Unified Theory for Fractional and Entire Differential Operators: An Approach via Differential Quadruplets and Boundary Restriction Operators: Frontiers in Mathematics

Autor Arnaud Rougirel
en Limba Engleză Paperback – 28 iun 2024
This monograph proposes a unified theory of the calculus of fractional and standard derivatives by means of an abstract operator-theoretic approach. By highlighting the axiomatic properties shared by standard derivatives, Riemann-Liouville and Caputo derivatives, the author introduces two new classes of objects. The first class concerns differential triplets and differential quadruplets; the second concerns boundary restriction operators. Instances of  boundary restriction operators can be generalized fractional differential operators supplemented with homogeneous boundary conditions. The analysis of these operators comprises:
  • The computation of adjoint operators;
  • The definition of abstract boundary values;
  • The solvability of equations supplemented with inhomogeneous abstract linear boundary conditions;
  • The analysis of fractional inhomogeneous Dirichlet Problems.

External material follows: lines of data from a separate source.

(* Let $h\ge r$ be positive integers and let $0<\beta<1$ be a real. There is a positive real $\alpha$ depending on $h,r,\beta$ such that the following holds. Let $G$ be any graph on $n$ vertices and let $p=p_r(G)$. For $i,j\in[h]$ let $\mathcal{A}_{i,j}$ denote the set of $i$-good sequences of length $j$ relative to $(\alpha,\beta,h,r)$ in $V(G)$. Then for each $i\in[h]$ and $r\le j\le h$, \[\sum_{S\in\mathcal{A}_{i,j}}|N(S)|^r\geq (1-\beta)\,n^{j+r}p^{jr}.\] In particular, there exists an $i$-good sequence $S$ of length $j$ such that $|N(S)|\ge(1-\beta)^{1/r}p^j n$.
   Context: All graphs are finite and simple. For a positive integer $r$, $p_r(G)=t_{K_{1,r}}(G)^{1/r}=\frac1n\left(\frac1n\sum_{v\in V(G)}d(v)^r\right)^{1/r}$ where $n=|G|$. A sequence in a set $W$ is a finite sequence of elements of $W$ (repetitions allowed); its length $|S|$ counts multiplicity; $W^k$ denotes the set of sequences of length $k$ in $W$. For a sequence $S$ in $V(G)$, $N(S)$ is the set of vertices adjacent to every vertex of $S$. Goodness: fix reals $0<\alpha,\beta<1$ and positive integers $h,r$, and let $p=p_r(G)$. A sequence $T$ in $V(G)$ is $0$-good if $|N(T)|\ge\alpha p^{|T|}n$. For $1\le i\le h$, a sequence $S$ in $V(G)$ of length at most $h$ is $i$-good if $S$ is $0$-good and for each $|S|\le k\le h$, the number of $(i-1)$-good sequences in $N(S)^k$ is at least $(1-\beta)|N(S)|^k$. These are called $i$-good relative to $(\alpha,\beta,h,r)$. *)

theory Defs
  imports Complex_Main
begin

definition simple_graph :: "'a set \<Rightarrow> ('a \<Rightarrow> 'a \<Rightarrow> bool) \<Rightarrow> bool" where
  "simple_graph V E \<longleftrightarrow> finite V \<and> (\<forall>x y. E x y \<longrightarrow> E y x) \<and> (\<forall>x. \<not> E x x)
     \<and> (\<forall>x y. E x y \<longrightarrow> x \<in> V \<and> y \<in> V)"

definition degree :: "'a set \<Rightarrow> ('a \<Rightarrow> 'a \<Rightarrow> bool) \<Rightarrow> 'a \<Rightarrow> nat" where
  "degree V E v = card {u \<in> V. E v u}"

As a result of this approach, two striking consequences are highlighted: Riemann-Liouville and Caputo operators appear to differ only by their boundary conditions; and the boundary values of functions in the domain of fractional operators are closely related to their kernel.
Unified Theory for Fractional and Entire Differential Operators will appeal to researchers in analysis and those who work with fractional derivatives. It is mostly self-contained, covering the necessary background in functional analysis and fractional calculus.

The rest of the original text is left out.